(The data Opens)

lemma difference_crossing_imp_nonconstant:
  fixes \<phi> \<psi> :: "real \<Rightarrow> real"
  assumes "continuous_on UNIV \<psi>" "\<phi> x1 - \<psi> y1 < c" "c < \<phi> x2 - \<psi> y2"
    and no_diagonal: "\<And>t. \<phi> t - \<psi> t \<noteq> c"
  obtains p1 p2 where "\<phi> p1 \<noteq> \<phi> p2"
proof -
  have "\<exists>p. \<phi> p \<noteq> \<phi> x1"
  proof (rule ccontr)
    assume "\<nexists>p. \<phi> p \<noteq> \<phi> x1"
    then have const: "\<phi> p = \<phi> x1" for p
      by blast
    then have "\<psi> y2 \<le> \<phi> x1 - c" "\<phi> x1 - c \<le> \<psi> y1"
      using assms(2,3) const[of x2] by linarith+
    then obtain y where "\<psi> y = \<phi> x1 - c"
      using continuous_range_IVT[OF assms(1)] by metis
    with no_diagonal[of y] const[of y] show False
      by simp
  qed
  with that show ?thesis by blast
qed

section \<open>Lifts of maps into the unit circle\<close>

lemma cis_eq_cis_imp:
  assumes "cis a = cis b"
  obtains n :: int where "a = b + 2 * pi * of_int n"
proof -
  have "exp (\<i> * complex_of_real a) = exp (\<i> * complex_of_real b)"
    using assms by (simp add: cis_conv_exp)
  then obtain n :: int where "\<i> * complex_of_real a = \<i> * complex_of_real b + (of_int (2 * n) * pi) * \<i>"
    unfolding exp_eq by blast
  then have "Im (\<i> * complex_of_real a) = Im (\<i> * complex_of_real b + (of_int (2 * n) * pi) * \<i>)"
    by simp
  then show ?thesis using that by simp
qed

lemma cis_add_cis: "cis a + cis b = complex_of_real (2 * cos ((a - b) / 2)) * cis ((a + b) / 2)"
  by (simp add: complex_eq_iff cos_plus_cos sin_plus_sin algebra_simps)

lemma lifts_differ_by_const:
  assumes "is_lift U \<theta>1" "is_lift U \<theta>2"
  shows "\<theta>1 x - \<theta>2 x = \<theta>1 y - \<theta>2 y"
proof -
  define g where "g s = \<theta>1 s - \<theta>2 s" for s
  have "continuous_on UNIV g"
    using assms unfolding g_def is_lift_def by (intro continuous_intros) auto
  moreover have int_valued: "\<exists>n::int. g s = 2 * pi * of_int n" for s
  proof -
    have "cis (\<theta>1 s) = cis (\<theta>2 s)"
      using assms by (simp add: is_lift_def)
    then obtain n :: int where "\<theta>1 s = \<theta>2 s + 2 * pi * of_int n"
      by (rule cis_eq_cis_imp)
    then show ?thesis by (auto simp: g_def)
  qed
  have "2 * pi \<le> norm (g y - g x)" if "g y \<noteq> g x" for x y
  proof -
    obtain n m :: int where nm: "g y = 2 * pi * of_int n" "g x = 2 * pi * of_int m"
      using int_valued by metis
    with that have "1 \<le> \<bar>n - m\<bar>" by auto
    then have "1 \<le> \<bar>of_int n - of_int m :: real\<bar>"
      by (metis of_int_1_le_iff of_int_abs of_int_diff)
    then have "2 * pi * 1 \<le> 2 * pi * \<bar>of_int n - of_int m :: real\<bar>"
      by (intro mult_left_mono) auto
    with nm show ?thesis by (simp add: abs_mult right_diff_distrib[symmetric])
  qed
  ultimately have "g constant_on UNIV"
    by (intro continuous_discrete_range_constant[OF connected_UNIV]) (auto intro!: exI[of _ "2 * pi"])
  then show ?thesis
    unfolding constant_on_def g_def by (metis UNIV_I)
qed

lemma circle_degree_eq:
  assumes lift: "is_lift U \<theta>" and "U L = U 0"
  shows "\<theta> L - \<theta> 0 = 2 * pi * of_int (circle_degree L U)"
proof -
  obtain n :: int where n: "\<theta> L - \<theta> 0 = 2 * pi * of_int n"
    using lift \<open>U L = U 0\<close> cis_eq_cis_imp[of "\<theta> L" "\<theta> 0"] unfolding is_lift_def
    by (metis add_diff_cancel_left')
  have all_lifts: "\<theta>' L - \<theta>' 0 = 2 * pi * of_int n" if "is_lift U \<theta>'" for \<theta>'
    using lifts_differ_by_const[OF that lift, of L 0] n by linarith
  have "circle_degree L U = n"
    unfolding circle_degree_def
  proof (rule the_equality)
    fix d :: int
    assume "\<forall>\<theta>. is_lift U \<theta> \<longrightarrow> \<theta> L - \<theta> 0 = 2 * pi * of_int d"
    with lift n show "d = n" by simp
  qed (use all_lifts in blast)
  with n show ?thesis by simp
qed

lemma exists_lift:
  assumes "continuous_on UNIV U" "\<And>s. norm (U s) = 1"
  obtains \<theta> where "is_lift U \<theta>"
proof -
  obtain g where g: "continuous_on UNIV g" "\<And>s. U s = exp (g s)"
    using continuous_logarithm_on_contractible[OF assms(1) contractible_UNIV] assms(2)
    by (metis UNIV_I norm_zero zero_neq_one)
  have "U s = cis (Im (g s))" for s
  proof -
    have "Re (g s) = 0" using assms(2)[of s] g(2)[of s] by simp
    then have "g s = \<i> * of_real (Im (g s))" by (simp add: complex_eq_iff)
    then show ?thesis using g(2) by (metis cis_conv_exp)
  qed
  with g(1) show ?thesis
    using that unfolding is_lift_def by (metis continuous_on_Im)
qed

(The data Closes)

* [Task directions]:
Every word of every entry must be returned as it appears.

* [Task answer]:
lemma difference_crossing_imp_nonconstant:
  fixes \<phi> \<psi> :: "real \<Rightarrow> real"
  assumes "continuous_on UNIV \<psi>" "\<phi> x1 - \<psi> y1 < c" "c < \<phi> x2 - \<psi> y2"
    and no_diagonal: "\<And>t. \<phi> t - \<psi> t \<noteq> c"
  obtains p1 p2 where "\<phi> p1 \<noteq> \<phi> p2"
proof -
  have "\<exists>p. \<phi> p \<noteq> \<phi> x1"
  proof (rule ccontr)
    assume "\<nexists>p. \<phi> p \<noteq> \<phi> x1"
    then have const: "\<phi> p = \<phi> x1" for p
      by blast
    then have "\<psi> y2 \<le> \<phi> x1 - c" "\<phi> x1 - c \<le> \<psi> y1"
      using assms(2,3) const[of x2] by linarith+
    then obtain y where "\<psi> y = \<phi> x1 - c"
      using continuous_range_IVT[OF assms(1)] by metis
    with no_diagonal[of y] const[of y] show False
      by simp
  qed
  with that show ?thesis by blast
qed

section \<open>Lifts of maps into the unit circle\<close>

lemma cis_eq_cis_imp:
  assumes "cis a = cis b"
  obtains n :: int where "a = b + 2 * pi * of_int n"
proof -
  have "exp (\<i> * complex_of_real a) = exp (\<i> * complex_of_real b)"
    using assms by (simp add: cis_conv_exp)
  then obtain n :: int where "\<i> * complex_of_real a = \<i> * complex_of_real b + (of_int (2 * n) * pi) * \<i>"
    unfolding exp_eq by blast
  then have "Im (\<i> * complex_of_real a) = Im (\<i> * complex_of_real b + (of_int (2 * n) * pi) * \<i>)"
    by simp
  then show ?thesis using that by simp
qed

lemma cis_add_cis: "cis a + cis b = complex_of_real (2 * cos ((a - b) / 2)) * cis ((a + b) / 2)"
  by (simp add: complex_eq_iff cos_plus_cos sin_plus_sin algebra_simps)

lemma lifts_differ_by_const:
  assumes "is_lift U \<theta>1" "is_lift U \<theta>2"
  shows "\<theta>1 x - \<theta>2 x = \<theta>1 y - \<theta>2 y"
proof -
  define g where "g s = \<theta>1 s - \<theta>2 s" for s
  have "continuous_on UNIV g"
    using assms unfolding g_def is_lift_def by (intro continuous_intros) auto
  moreover have int_valued: "\<exists>n::int. g s = 2 * pi * of_int n" for s
  proof -
    have "cis (\<theta>1 s) = cis (\<theta>2 s)"
      using assms by (simp add: is_lift_def)
    then obtain n :: int where "\<theta>1 s = \<theta>2 s + 2 * pi * of_int n"
      by (rule cis_eq_cis_imp)
    then show ?thesis by (auto simp: g_def)
  qed
  have "2 * pi \<le> norm (g y - g x)" if "g y \<noteq> g x" for x y
  proof -
    obtain n m :: int where nm: "g y = 2 * pi * of_int n" "g x = 2 * pi * of_int m"
      using int_valued by metis
    with that have "1 \<le> \<bar>n - m\<bar>" by auto
    then have "1 \<le> \<bar>of_int n - of_int m :: real\<bar>"
      by (metis of_int_1_le_iff of_int_abs of_int_diff)
    then have "2 * pi * 1 \<le> 2 * pi * \<bar>of_int n - of_int m :: real\<bar>"
      by (intro mult_left_mono) auto
    with nm show ?thesis by (simp add: abs_mult right_diff_distrib[symmetric])
  qed
  ultimately have "g constant_on UNIV"
    by (intro continuous_discrete_range_constant[OF connected_UNIV]) (auto intro!: exI[of _ "2 * pi"])
  then show ?thesis
    unfolding constant_on_def g_def by (metis UNIV_I)
qed

lemma circle_degree_eq:
  assumes lift: "is_lift U \<theta>" and "U L = U 0"
  shows "\<theta> L - \<theta> 0 = 2 * pi * of_int (circle_degree L U)"
proof -
  obtain n :: int where n: "\<theta> L - \<theta> 0 = 2 * pi * of_int n"
    using lift \<open>U L = U 0\<close> cis_eq_cis_imp[of "\<theta> L" "\<theta> 0"] unfolding is_lift_def
    by (metis add_diff_cancel_left')
  have all_lifts: "\<theta>' L - \<theta>' 0 = 2 * pi * of_int n" if "is_lift U \<theta>'" for \<theta>'
    using lifts_differ_by_const[OF that lift, of L 0] n by linarith
  have "circle_degree L U = n"
    unfolding circle_degree_def
  proof (rule the_equality)
    fix d :: int
    assume "\<forall>\<theta>. is_lift U \<theta> \<longrightarrow> \<theta> L - \<theta> 0 = 2 * pi * of_int d"
    with lift n show "d = n" by simp
  qed (use all_lifts in blast)
  with n show ?thesis by simp
qed

lemma exists_lift:
  assumes "continuous_on UNIV U" "\<And>s. norm (U s) = 1"
  obtains \<theta> where "is_lift U \<theta>"
proof -
  obtain g where g: "continuous_on UNIV g" "\<And>s. U s = exp (g s)"
    using continuous_logarithm_on_contractible[OF assms(1) contractible_UNIV] assms(2)
    by (metis UNIV_I norm_zero zero_neq_one)
  have "U s = cis (Im (g s))" for s
  proof -
    have "Re (g s) = 0" using assms(2)[of s] g(2)[of s] by simp
    then have "g s = \<i> * of_real (Im (g s))" by (simp add: complex_eq_iff)
    then show ?thesis using g(2) by (metis cis_conv_exp)
  qed
  with g(1) show ?thesis
    using that unfolding is_lift_def by (metis continuous_on_Im)
qed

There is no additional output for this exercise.